Congrats on the new home! With a homeowner’s deed comes extra responsibilities. You no longer have a landlord to call when the grass needs mowing, or your porch light burns out. Here’s the 411 on choosing lightbulbs.
Reaching for any old package of lightbulbs simply is not going to work. Before making a purchase, know how the bulb you’re replacing works. If you have a lamp or light fixture on a dimmer switch that offers a variety of brightness settings, you need a three-way or dimmer bulb.
When the garage light, porch light or any outdoor light burns out, only choose light bulbs labeled for outdoor use. These are created to be moisture resistant so snow and rain won’t damage the internal elements.
For standard indoor use, you have several options.

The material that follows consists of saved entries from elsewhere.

lemma wz_pair: "wz_F n (k + 1) - wz_F n k = wz_G (Suc n) k - wz_G n k"
proof -
  define x where "x = int n"
  define b where "b = wz_B n k"
  define D where "D = 4 * (3*k+1) ^ 4 * (6*k+5) ^ 2"
  define P where "P = (3*k+1+3*x) * ((6*k+2+3*x) * (6*k+5+3*x)) ^ 2 * (3*x-1-3*k)"
  define W where "W = (2*x+1) * (3*k+1+3*x) * (6*k+2+3*x) ^ 2"
  have D0: "(of_int D :: rat) \<noteq> 0"
    unfolding D_def of_int_eq_0_iff by (rule wz_G_denominator_nonzero)
  have F1: "wz_F n (k + 1) * of_int D = - (b * of_int ((15*x+12*k+16) * P))"
  proof -
    have "wz_F n (k + 1) * of_int D = of_int (15*x+12*k+16) * (wz_B n (k + 1) * of_int D)"
      unfolding wz_F_def x_def by (simp add: algebra_simps)
    also have "wz_B n (k + 1) * of_int D = - (b * of_int P)"
      using wz_B_shift_right[of n k, folded x_def, folded D_def P_def b_def] by simp
    finally show ?thesis by simp
  qed
  have F0: "wz_F n k * of_int D = b * of_int ((15*x+12*k+4) * D)"
    unfolding wz_F_def b_def x_def by simp
  have G1: "wz_G (Suc n) k * of_int D = - (b * of_int (6 * W * wz_Q (x+1) k))"
  proof -
    have "wz_G (Suc n) k * of_int D
        = wz_B (Suc n) k * of_int (27 * int (Suc n) ^ 3 * (3 * int (Suc n) - 1 - 3*k) * wz_Q (int (Suc n)) k)"
      using D0 unfolding wz_G_def D_def[symmetric] by simp
    also have "27 * int (Suc n) ^ 3 * (3 * int (Suc n) - 1 - 3*k) * wz_Q (int (Suc n)) k
        = 9 * (x + 1) ^ 3 * (2 - 3*k + 3*x) * (3 * wz_Q (x+1) k)"
      unfolding x_def by (simp add: algebra_simps)
    also have "wz_B (Suc n) k * of_int (9 * (x + 1) ^ 3 * (2 - 3*k + 3*x) * (3 * wz_Q (x+1) k))
        = wz_B (Suc n) k * of_int (9 * (x + 1) ^ 3 * (2 - 3*k + 3*x)) * of_int (3 * wz_Q (x+1) k)"
      by (simp only: of_int_mult mult.assoc)
    also have "wz_B (Suc n) k * of_int (9 * (x + 1) ^ 3 * (2 - 3*k + 3*x)) = - (b * of_int (2 * W))"
      using wz_B_Suc_left[of n k, folded x_def, folded b_def] unfolding W_def by simp
    finally show ?thesis by (simp add: algebra_simps)
  qed
  have G0: "wz_G n k * of_int D = b * of_int (27 * x ^ 3 * (3*x-1-3*k) * wz_Q x k)"
    using D0 unfolding wz_G_def D_def[symmetric] b_def x_def by simp
  have "(wz_F n (k + 1) - wz_F n k - (wz_G (Suc n) k - wz_G n k)) * of_int D
      = b * of_int (6 * W * wz_Q (x+1) k + 27 * x ^ 3 * (3*x-1-3*k) * wz_Q x k
                    - ((15*x+12*k+16) * P + (15*x+12*k+4) * D))"
    unfolding left_diff_distrib F1 F0 G1 G0 by (simp add: algebra_simps)
  also have "\<dots> = 0"
    using wz_certificate_identity[of x k, folded P_def D_def W_def] by simp
  finally show ?thesis using D0 by simp
qed
lemma vertical_integral_diff_eq_residues:
  fixes N :: nat
  assumes \<beta>: "0 < \<beta>" "\<beta> < 1/2"
    and z: "Re z \<noteq> \<beta>" "- \<beta> < Re z" "cos (of_real pi * z) \<noteq> 0"
    and N: "1 \<le> N" "Re z + 1 \<le> real N"
  shows "vertical_integral \<Phi> z (real N) - vertical_integral \<Phi> z \<beta>
       = 2 * of_real pi * \<i> * ((\<Sum>n=1..N. K_term \<Phi> z n) + (if \<beta> < Re z then - \<Phi> z else 0))"
proof -
  define c where "c = 2 * of_real pi * \<i> * ((\<Sum>n=1..N. K_term \<Phi> z n) + (if \<beta> < Re z then - \<Phi> z else 0))"
  define side where "side p q = contour_integral (linepath p q) (I_integrand \<Phi> z)" for p q
  have "0 < pi * \<beta>" "pi * \<beta> < pi / 2"
    using \<beta> by simp_all
  then have "cos (pi * \<beta>) \<noteq> 0"
    using cos_gt_zero_pi[of "pi * \<beta>"] by simp
  moreover have "min \<bar>Re z - \<beta>\<bar> (Re z + \<beta>) \<le> norm (z - Complex \<beta> y)"
    "min \<bar>Re z - \<beta>\<bar> (Re z + \<beta>) \<le> norm (z + Complex \<beta> y)" for y
    using abs_Re_le_cmod[of "z - Complex \<beta> y"] abs_Re_le_cmod[of "z + Complex \<beta> y"] z(2) by auto
  ultimately have int_left: "integrable lborel (\<lambda>y. I_integrand \<Phi> z (Complex \<beta> y))"
    using z(1,2) by (intro integrable_I_integrand_vertical(1)[OF \<beta>(1)]) auto
  have int_right: "integrable lborel (\<lambda>y. I_integrand \<Phi> z (Complex (real N) y))"
    using z(2) \<beta>(2) N(2) by (intro integrable_I_integrand_vertical_nat(1)) auto
  have "((\<lambda>T. side (Complex \<beta> (-T)) (Complex (real N) (-T)) + side (Complex (real N) (-T)) (Complex (real N) T)
        - side (Complex \<beta> T) (Complex (real N) T) - side (Complex \<beta> (-T)) (Complex \<beta> T))
      \<longlongrightarrow> 0 + vertical_integral \<Phi> z (real N) - 0 - vertical_integral \<Phi> z \<beta>) at_top"
    unfolding side_def vertical_integral_def using \<beta> N
    by (intro tendsto_intros tendsto_contour_integral_vertical_linepath int_left int_right
        filterlim_compose[OF tendsto_contour_integral_horizontal filterlim_uminus_at_bot_at_top]
        tendsto_contour_integral_horizontal) auto
  moreover have "\<forall>\<^sub>F T in at_top. side (Complex \<beta> (-T)) (Complex (real N) (-T))
      + side (Complex (real N) (-T)) (Complex (real N) T)
      - side (Complex \<beta> T) (Complex (real N) T) - side (Complex \<beta> (-T)) (Complex \<beta> T) = c"
    using eventually_gt_at_top[of "\<bar>Im z\<bar>"]
  proof eventually_elim
    case (elim T)
    have "Re z < real N"
      using N(2) by simp
    note rectangle = contour_integral_rectpath_I_integrand[OF \<beta> N(1) elim z(1,2) this z(3)]
    from contour_integral_rectpath[OF rectangle(2)] rectangle(1) show ?case
      by (simp add: c_def side_def)
  qed
  ultimately have "((\<lambda>T::real. c) \<longlongrightarrow> 0 + vertical_integral \<Phi> z (real N) - 0 - vertical_integral \<Phi> z \<beta>) at_top"
    by (rule Lim_transform_eventually)
  then show ?thesis
    unfolding c_def by (simp add: tendsto_const_iff)
qed
(* Let $H$ be a weak Hopf algebra, $A$ a symmetric partial $H$-module algebra, $B$ an algebra, $\pi\colon H\to B$ a partial representation and $\phi\colon A\to B$ an algebra morphism such that $(\phi,\pi)$ is a covariant pair. Then there exists a unique algebra morphism $\Phi\colon A\,\underline{\#}\,H\to B$ such that $\Phi\circ\pi_0=\pi$ and $\Phi\circ\phi_0=\phi$, where $\pi_0\colon H\to A\,\underline{\#}\,H$, $\pi_0(h)=1_A\,\underline{\#}\,h$, and $\phi_0\colon A\to A\,\underline{\#}\,H$, $\phi_0(a)=a\,\underline{\#}\,1_H$.
   Context: All algebras are associative and unital over a field $\Bbbk$; Sweedler notation $\Delta(h)=h_1\otimes h_2$, $\Delta(1_H)=1_1\otimes1_2$. A weak Hopf algebra is $(H,m,u,\Delta,\varepsilon,S)$ with $H$ an algebra, $(H,\Delta,\varepsilon)$ a coalgebra, and for all $g,h,k$: $\Delta(kh)=\Delta(k)\Delta(h)$; $\varepsilon(kh_1)\varepsilon(h_2g)=\varepsilon(khg)=\varepsilon(kh_2)\varepsilon(h_1g)$; $(1\otimes\Delta(1))(\Delta(1)\otimes1)=\Delta^2(1)=(\Delta(1)\otimes1)(1\otimes\Delta(1))$; $h_1S(h_2)=\varepsilon_t(h)$; $S(h_1)h_2=\varepsilon_s(h)$; $S(h)=S(h_1)h_2S(h_3)$, with $\varepsilon_t(h)=\varepsilon(1_1h)1_2$, $\varepsilon_s(h)=1_1\varepsilon(h1_2)$. $H_t=\varepsilon_t(H)$, $H_s=\varepsilon_s(H)$, and the restriction $S_R\colon H_s\to H_t$ of $S$ is bijective. Partial representation of $H$ in $B$: a linear $\pi\colon H\to B$ with (PR1) $\pi(1_H)=1_B$; (PR2) $\pi(h)\pi(k_1)\pi(S(k_2))=\pi(hk_1)\pi(S(k_2))$; (PR3) $\pi(h)\pi(S(k_1))\pi(k_2)=\pi(hS(k_1))\pi(k_2)$; (PR4) $\pi(h_1)\pi(S(h_2))\pi(k)=\pi(h_1)\pi(S(h_2)k)$; (PR5) $\pi(S(h_1))\pi(h_2)\pi(k)=\pi(S(h_1))\pi(h_2k)$; (PR6) $\pi(h)=\pi(h_1)\pi(S(h_2))\pi(h_3)$. Partial $H$-module algebra: algebra $A$ with linear $h\otimes a\mapsto h\cdot a$ such that $h\cdot(ab)=(h_1\cdot a)(h_2\cdot b)$, $1_H\cdot a=a$, $h\cdot(k\cdot a)=(h_1\cdot1_A)((h_2k)\cdot a)$; symmetric if also $h\cdot(k\cdot a)=((h_1k)\cdot a)(h_2\cdot1_A)$. Smash product $A\#H=A\otimes_{H_t}H$ ($A$ a right $H_t$-module via $a\triangleleft z=a(S_R^{-1}(z)\cdot1_A)$, $H$ a left $H_t$-module by multiplication) with product $(a\#h)(b\#g)=a(h_1\cdot b)\#h_2g$. Partial smash product $A\,\underline{\#}\,H$: the subalgebra generated by $a\,\underline{\#}\,h:=(a\#h)(1_A\#1_H)=a(h_1\cdot1_A)\#h_2$, with unit $1_A\,\underline{\#}\,1_H$. Covariant pair: a pair $(\phi,\pi)$ with $\phi\colon A\to B$ an algebra morphism and $\pi\colon H\to B$ a partial representation such that for all $h\in H$, $a\in A$: (CP1) $\phi(h\cdot a)=\pi(h_1)\phi(a)\pi(S(h_2))$; (CP2) $\phi(a)\pi(S(h_1))\pi(h_2)=\pi(S(h_1))\pi(h_2)\phi(a)$. *)

theory Defs
  imports Complex_Main "HOL-Library.Poly_Mapping"
begin
(* Let $n=p+q$, let $h^1,\dots,h^n:\mathbb{R}^{p,q}\to\mathcal{C}\ell_{\circledS}(p,q)$ be a smooth Clifford field vector, $h_\rho=\eta_{\rho\mu}h^\mu$, and let $C_1,\dots,C_n:\mathbb{R}^{p,q}\to\mathcal{C}\ell_{\circledS}(p,q)$ be smooth functions satisfying $$\partial_\mu h_\rho-[C_\mu,h_\rho]=0\quad\text{for all }\mu,\rho=1,\dots,n.$$ Let $S:\mathbb{R}^{p,q}\to\mathcal{C}\ell(p,q)$ be a smooth function with values in invertible elements such that $S^{-1}\partial_\mu S\in\mathcal{C}\ell_{\circledS}(p,q)$ for all $\mu$ and all $x$. Put $\acute h_\rho=S^{-1}h_\rho S$ and $\acute C_\mu=S^{-1}C_\mu S-S^{-1}\partial_\mu S$. Then $\acute h_\rho,\acute C_\mu$ take values in $\mathcal{C}\ell_{\circledS}(p,q)$ and $$\partial_\mu \acute h_\rho-[\acute C_\mu,\acute h_\rho]=0\quad\text{for all }\mu,\rho=1,\dots,n.$$
   Context: $\mathbb{R}^{p,q}$ is $\mathbb{R}^n$ with Cartesian coordinates $x^1,\dots,x^n$, $\partial_\mu=\partial/\partial x^\mu$, and metric $\eta=(\eta_{\mu\nu})=(\eta^{\mu\nu})=\mathrm{diag}(1,\dots,1,-1,\dots,-1)$ ($p$ ones, $q$ minus ones); Einstein summation is used. $\mathcal{C}\ell(p,q)$ is the complex Clifford algebra with identity $e$ and generators $e^1,\dots,e^n$, $e^ae^b+e^be^a=2\eta^{ab}e$, with basis $e$, $e^{a_1\dots a_k}=e^{a_1}\cdots e^{a_k}$ ($a_1<\dots<a_k$); functions into it are differentiated coefficientwise in this fixed basis. $[U,V]=UV-VU$. $\pi_k$ is the projection onto the span of the basis elements with $k$ indices, $\mathrm{Tr}(U)$ the coefficient of $e$. The center is $\mathcal{C}\ell_0$ for even $n$ and $\mathcal{C}\ell_0\oplus\mathcal{C}\ell_n$ for odd $n$; $\mathcal{C}\ell_{\circledS}(p,q)$ is the set of elements with zero projection onto the center. A Clifford field vector is a collection $h^\mu:\mathbb{R}^{p,q}\to\mathcal{C}\ell(p,q)$, $\mu=1,\dots,n$, with $h^\mu h^\nu+h^\nu h^\mu=2\eta^{\mu\nu}e$ and $\mathrm{Tr}(h^1\cdots h^n)=0$ at every point. *)

theory Defs
  imports "HOL-Analysis.Analysis"
begin

text \<open>
The index set {1,...,n} of generators e^1,...,e^n (and of the Cartesian
coordinates x^1,...,x^n) is modelled by a finite linearly ordered type 'n with n = CARD('n);
the k-th element of 'n in the order corresponds to index k.  The first p indices have
eta = 1, the remaining q = n - p have eta = -1.
An element of the complex Clifford algebra Cl(p,q) is its coefficient family with respect
to the basis e^A (A a subset of the generators, e^{} = e), i.e. a map 'n set => complex.
\<close>

type_synonym 'n cl = "'n set \<Rightarrow> complex"

definition idx :: "'n::{finite,linorder} \<Rightarrow> nat" where
  "idx a = card {b. b < a} + 1"

definition eta :: "nat \<Rightarrow> 'n::{finite,linorder} \<Rightarrow> complex" where
  "eta p a = (if idx a \<le> p then 1 else -1)"

text \<open>sign of e^A e^B = sign * e^{A symdiff B}\<close>
definition blade_sign :: "nat \<Rightarrow> 'n::{finite,linorder} set \<Rightarrow> 'n set \<Rightarrow> complex" where
  "blade_sign p A B =
     (-1) ^ card {(a, b). a \<in> A \<and> b \<in> B \<and> b < a} * (\<Prod>a\<in>A \<inter> B. eta p a)"

definition cl_mul :: "nat \<Rightarrow> 'n::{finite,linorder} cl \<Rightarrow> 'n cl \<Rightarrow> 'n cl" where
  "cl_mul p U V = (\<lambda>C. \<Sum>A\<in>UNIV. \<Sum>B\<in>UNIV.
      if (A - B) \<union> (B - A) = C then blade_sign p A B * U A * V B else 0)"

definition cl_zero :: "'n cl" where
  "cl_zero = (\<lambda>A. 0)"

definition cl_add :: "'n cl \<Rightarrow> 'n cl \<Rightarrow> 'n cl" where
  "cl_add U V = (\<lambda>A. U A + V A)"

definition cl_sub :: "'n cl \<Rightarrow> 'n cl \<Rightarrow> 'n cl" where
  "cl_sub U V = (\<lambda>A. U A - V A)"

definition cl_one :: "'n cl" where
  "cl_one = (\<lambda>A. if A = {} then 1 else 0)"

definition cl_scale :: "complex \<Rightarrow> 'n cl \<Rightarrow> 'n cl" where
  "cl_scale c U = (\<lambda>A. c * U A)"

definition cl_comm :: "nat \<Rightarrow> 'n::{finite,linorder} cl \<Rightarrow> 'n cl \<Rightarrow> 'n cl" where
  "cl_comm p U V = cl_sub (cl_mul p U V) (cl_mul p V U)"
(* Let $y_0\in E$ and suppose: (A1) $\eta>0$ on $[y_0,\infty)$ and $\eta\in C^2([y_0,\infty))$; (A2) $b^2/\eta$, $\tilde a/\eta$ and $\eta'/\eta$ are bounded on $[y_0,\infty)$; (A3) $\Psi\eta(y)\to1$ as $y\to\infty$. Let $u$ be a solution of $$0=\tfrac12b^2u''+\tilde au'+\eta u-u^2-d\frac{(u')^2}{u}$$ on $[y_0,\infty)$ with $C_1\eta\le u\le C_2\eta$ there, for some constants $0<C_1<C_2$. Then $u(y)/\eta(y)\to1$ as $y\to\infty$.
   Context: $E=(E_-,\infty)$ with $E_-\in\{-\infty\}\cup\mathbb R$. $r,\lambda,\sigma,a,b,\rho,\delta:E\to\mathbb R$ are locally Lipschitz with $\sigma>0$, $b(y)\neq0$, $\rho(y)\in[-1,1]$; $R\in(0,\infty)\setminus\{1\}$. Define $\eta=\frac1R\big(\delta-(1-R)(r+\frac{\lambda^2}{2R})\big)$, $\tilde a=a+\frac{1-R}{R}\rho\lambda b$, $d=\frac12b^2((1-\rho^2)R+\rho^2+1)$, and for positive $g\in C^2$, $\Psi g=1+\frac{\frac12b^2g''+\tilde ag'}{g^2}-d\frac{(g')^2}{g^3}$. A solution on $[y_0,\infty)$ is a positive $C^2$ function satisfying the equation there. *)

theory Defs
  imports "HOL-Analysis.Analysis"
begin

text \<open>Domain E = (E_-, infinity) with E_- in {-infinity} union reals, encoded by an extended real.\<close>
definition dom_E :: "ereal \<Rightarrow> real set" where
  "dom_E Em = {y. Em < ereal y}"

definition loc_lipschitz_on :: "real set \<Rightarrow> (real \<Rightarrow> real) \<Rightarrow> bool" where
  "loc_lipschitz_on S f \<longleftrightarrow>
     (\<forall>x\<in>S. \<exists>e>0. \<exists>L. L-lipschitz_on (cball x e \<inter> S) f)"

definition eta_fun :: "real \<Rightarrow> (real \<Rightarrow> real) \<Rightarrow> (real \<Rightarrow> real) \<Rightarrow> (real \<Rightarrow> real) \<Rightarrow> real \<Rightarrow> real" where
  "eta_fun R r lam delta y = (delta y - (1 - R) * (r y + (lam y)\<^sup>2 / (2 * R))) / R"

definition atil_fun :: "real \<Rightarrow> (real \<Rightarrow> real) \<Rightarrow> (real \<Rightarrow> real) \<Rightarrow> (real \<Rightarrow> real) \<Rightarrow> (real \<Rightarrow> real) \<Rightarrow> real \<Rightarrow> real" where
  "atil_fun R a rho lam b y = a y + (1 - R) / R * rho y * lam y * b y"

definition d_fun :: "real \<Rightarrow> (real \<Rightarrow> real) \<Rightarrow> (real \<Rightarrow> real) \<Rightarrow> real \<Rightarrow> real" where
  "d_fun R b rho y = 1/2 * (b y)\<^sup>2 * ((1 - (rho y)\<^sup>2) * R + (rho y)\<^sup>2 + 1)"

definition C2_with :: "real set \<Rightarrow> (real \<Rightarrow> real) \<Rightarrow> (real \<Rightarrow> real) \<Rightarrow> (real \<Rightarrow> real) \<Rightarrow> bool" where
  "C2_with S g g1 g2 \<longleftrightarrow>
     (\<forall>y\<in>S. (g has_real_derivative g1 y) (at y within S) \<and>
             (g1 has_real_derivative g2 y) (at y within S)) \<and> continuous_on S g2"

definition Psi :: "(real \<Rightarrow> real) \<Rightarrow> (real \<Rightarrow> real) \<Rightarrow> (real \<Rightarrow> real) \<Rightarrow> (real \<Rightarrow> real) \<Rightarrow> (real \<Rightarrow> real) \<Rightarrow> (real \<Rightarrow> real) \<Rightarrow> real \<Rightarrow> real" where
  "Psi b at2 d g g1 g2 y =
     1 + (1/2 * (b y)\<^sup>2 * g2 y + at2 y * g1 y) / (g y)\<^sup>2 - d y * (g1 y)\<^sup>2 / (g y) ^ 3"

end

theory Submission
  imports Defs
begin

text \<open>
  For \<open>w = u/\<eta>\<close> the equation becomes
  \<open>b\<^sup>2/(2\<eta>) w'' = w (w - \<Psi>\<eta>) - B w' + (d/\<eta>) w'\<^sup>2/w\<close>, where \<open>B\<close> is built from
  \<open>b\<^sup>2/\<eta>\<close>, \<open>\<eta>'/\<eta>\<close>, \<open>atil/\<eta>\<close> and \<open>d/\<eta>\<close>, so all coefficients are bounded by (A2).
  Since \<open>\<Psi>\<eta> \<rightarrow> 1\<close>, at points where \<open>w \<ge> 1 + \<epsilon>\<close> and \<open>w'\<close> is small the right-hand side is
  at least of order \<open>\<epsilon>\<close>, so \<open>w\<close> is uniformly convex there; symmetrically \<open>w\<close> is uniformly
  concave where \<open>w \<le> 1 - \<epsilon>\<close> and \<open>w'\<close> is small. A bounded function with this property on a
  half-line must eventually stay below \<open>1 + \<epsilon>\<close>: otherwise a barrier argument on \<open>w'\<close>
  shows that \<open>w'\<close> eventually exceeds a positive constant, contradicting boundedness.
\<close>

lemma first_crossing_point:
  fixes \<phi> :: "real \<Rightarrow> real"
  assumes "a \<le> s" and cont: "continuous_on {a..s} \<phi>" and "\<phi> a \<le> 0" "0 < \<phi> s"
  obtains p where "a \<le> p" "p < s" "\<phi> p = 0" "\<forall>y\<in>{a..p}. \<phi> y \<le> 0"
    "\<forall>d>0. \<exists>y. p < y \<and> y < p + d \<and> 0 < \<phi> y"
proof -
  define S where "S = {y\<in>{a..s}. 0 < \<phi> y}"
  define p where "p = Inf S"
  have "s \<in> S" using assms by (simp add: S_def)
  then have ne: "S \<noteq> {}" by blast
  have bdd: "bdd_below S" by (auto simp: S_def bdd_below_def)
  have lower: "p \<le> y" if "y \<in> S" for y using bdd that by (simp add: p_def cInf_lower)
  have ap: "a \<le> p" unfolding p_def using ne by (intro cInf_greatest) (auto simp: S_def)
  have ps: "p \<le> s" using lower \<open>s \<in> S\<close> by blast
  have nonpos: "\<forall>y\<in>{a..p}. \<phi> y \<le> 0"
  proof (cases "a = p")
    case True
    then show ?thesis using assms by simp
  next
    case False
    have "{a..<p} \<subseteq> {y\<in>{a..s}. \<phi> y \<le> 0}"
      using lower ps by (force simp: S_def not_less)
    moreover have "closed {y\<in>{a..s}. \<phi> y \<le> 0}"
      by (intro continuous_on_closed_Collect_le cont continuous_on_const closed_atLeastAtMost)
    ultimately have "closure {a..<p} \<subseteq> {y\<in>{a..s}. \<phi> y \<le> 0}" by (rule closure_minimal)
    then show ?thesis using False ap by auto
  qed
  have "S \<subseteq> {y\<in>{a..s}. 0 \<le> \<phi> y}" by (auto simp: S_def)
  moreover have "closed {y\<in>{a..s}. 0 \<le> \<phi> y}"
    by (intro continuous_on_closed_Collect_le cont continuous_on_const closed_atLeastAtMost)
  ultimately have "closure S \<subseteq> {y\<in>{a..s}. 0 \<le> \<phi> y}" by (rule closure_minimal)
  with closure_contains_Inf[OF ne bdd] have "0 \<le> \<phi> p" by (auto simp: p_def)
  moreover have "\<phi> p \<le> 0" using nonpos ap by simp
  ultimately have p0: "\<phi> p = 0" by linarith
  have "\<exists>y. p < y \<and> y < p + d \<and> 0 < \<phi> y" if "d > 0" for d
  proof -
    obtain y where "y \<in> S" "y < p + d"
      using cInf_lessD[OF ne, of "p + d"] \<open>d > 0\<close> by (auto simp: p_def)
    moreover have "y \<noteq> p" using \<open>y \<in> S\<close> p0 by (auto simp: S_def)
    ultimately have "p < y" "0 < \<phi> y" using lower[of y] by (auto simp: S_def)
    with \<open>y < p + d\<close> show ?thesis by blast
  qed
  moreover have "p \<noteq> s" using p0 assms by auto
  ultimately show ?thesis using that ap ps nonpos p0 by simp
qed

lemma ramp_barrier:
  fixes f f' :: "real \<Rightarrow> real"
  assumes "0 < \<delta>"
    and deriv: "\<forall>x\<ge>x0. (f has_real_derivative f' x) (at x)"
    and start: "c \<le> f x0"
    and touch: "\<And>x. x0 \<le> x \<Longrightarrow> \<forall>y\<in>{x0..x}. min \<kappa> (c + \<delta>/2 * (y - x0)) \<le> f y
                  \<Longrightarrow> f x = min \<kappa> (c + \<delta>/2 * (x - x0)) \<Longrightarrow> \<delta> \<le> f' x"
  shows "\<forall>x\<ge>x0. min \<kappa> (c + \<delta>/2 * (x - x0)) \<le> f x"
proof (rule ccontr)
  define ramp where "ramp x = min \<kappa> (c + \<delta>/2 * (x - x0))" for x
  assume "\<not> ?thesis"
  then obtain s where s: "x0 \<le> s" "f s < ramp s" by (auto simp: ramp_def not_le)
  have "isCont f y" if "x0 \<le> y" for y
    using deriv that DERIV_isCont by blast
  then have cont: "continuous_on {x0..s} (\<lambda>y. ramp y - f y)"
    by (auto simp: ramp_def intro!: continuous_at_imp_continuous_on continuous_intros)
  have "ramp x0 - f x0 \<le> 0" "0 < ramp s - f s" using start s(2) by (simp_all add: ramp_def)
  then obtain p where p: "x0 \<le> p" "p < s" "ramp p - f p = 0"
      "\<forall>y\<in>{x0..p}. ramp y - f y \<le> 0" "\<forall>d>0. \<exists>y. p < y \<and> y < p + d \<and> 0 < ramp y - f y"
    by (rule first_crossing_point[OF s(1) cont])
  have "((\<lambda>y. f y - \<delta>/2 * y) has_real_derivative f' p - \<delta>/2) (at p)"
    using deriv p(1) by (auto intro!: derivative_eq_intros)
  moreover have "\<delta> \<le> f' p" using touch p(1,3,4) by (simp add: ramp_def)
  ultimately obtain d where "d > 0"
    and inc: "\<forall>h>0. h < d \<longrightarrow> f p - \<delta>/2 * p < f (p + h) - \<delta>/2 * (p + h)"
    using DERIV_pos_inc_right[where f="\<lambda>y. f y - \<delta>/2 * y" and x=p and l="f' p - \<delta>/2"] \<open>0 < \<delta>\<close> by auto
  obtain y where y: "p < y" "y < p + d" "f y < ramp y"
    using p(5) \<open>d > 0\<close> by auto
  have "f p - \<delta>/2 * p < f y - \<delta>/2 * y"
    using inc[rule_format, of "y - p"] y by simp
  \<comment> \<open>the ramp grows with slope at most \<open>\<delta>/2\<close>, while \<open>f\<close> grows faster right after \<open>p\<close>\<close>
  have "\<delta> * p < \<delta> * y" using \<open>0 < \<delta>\<close> y(1) by simp
  then have "ramp y - \<delta>/2 * y \<le> ramp p - \<delta>/2 * p"
    by (auto simp: ramp_def min_def field_simps)
  then show False using y p(3) \<open>f p - \<delta>/2 * p < f y - \<delta>/2 * y\<close> by linarith
qed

Choose slender, decorative candelabra bulbs for ceiling fixtures or accent lamps. These usually come in lower watt ratings, so they don’t give off as much light. For brighter options, choose spiral compact fluorescent light (CFL) bulbs or globe-shaped incandescent lightbulbs. Pick bulbs rated from 75 watts to 125 watts to use in ceiling-mounted fixtures that illuminate a large portion of a room.
OK, so now you know what you need. But, did you realize light bulbs come with various types of bases? If you can remove the old bulb, and take a look at the base, now you can learn about these three basic lightbulb styles.
Screw base: this is the most common lightbulb base type. This style comes in several diameters. You thread the lightbulb into the fixture using a clockwise motion. After a few spins, the bulb is snug and ready to turn on.
Bayonet base: this lightbulb simply pushes into the socket. It may have one or two bayonet-style prongs to hold it in place. These are rare in the United States, but may be needed if decorating your home with a lamp from another country.
Mogul pre-focused base: this lightbulb has a smooth end like a screw base, but pushes in like a bayonet. Simply press the bulb into the socket and then give it a quarter-turn to lock it into place.
Still not sure what you need? Take a photo of the socket on your light fixture and head to a home improvement store. Whether you ask for assistance or use the helpful lightbulb selection charts, you’ll be choosing lightbulbs for your new home in no time.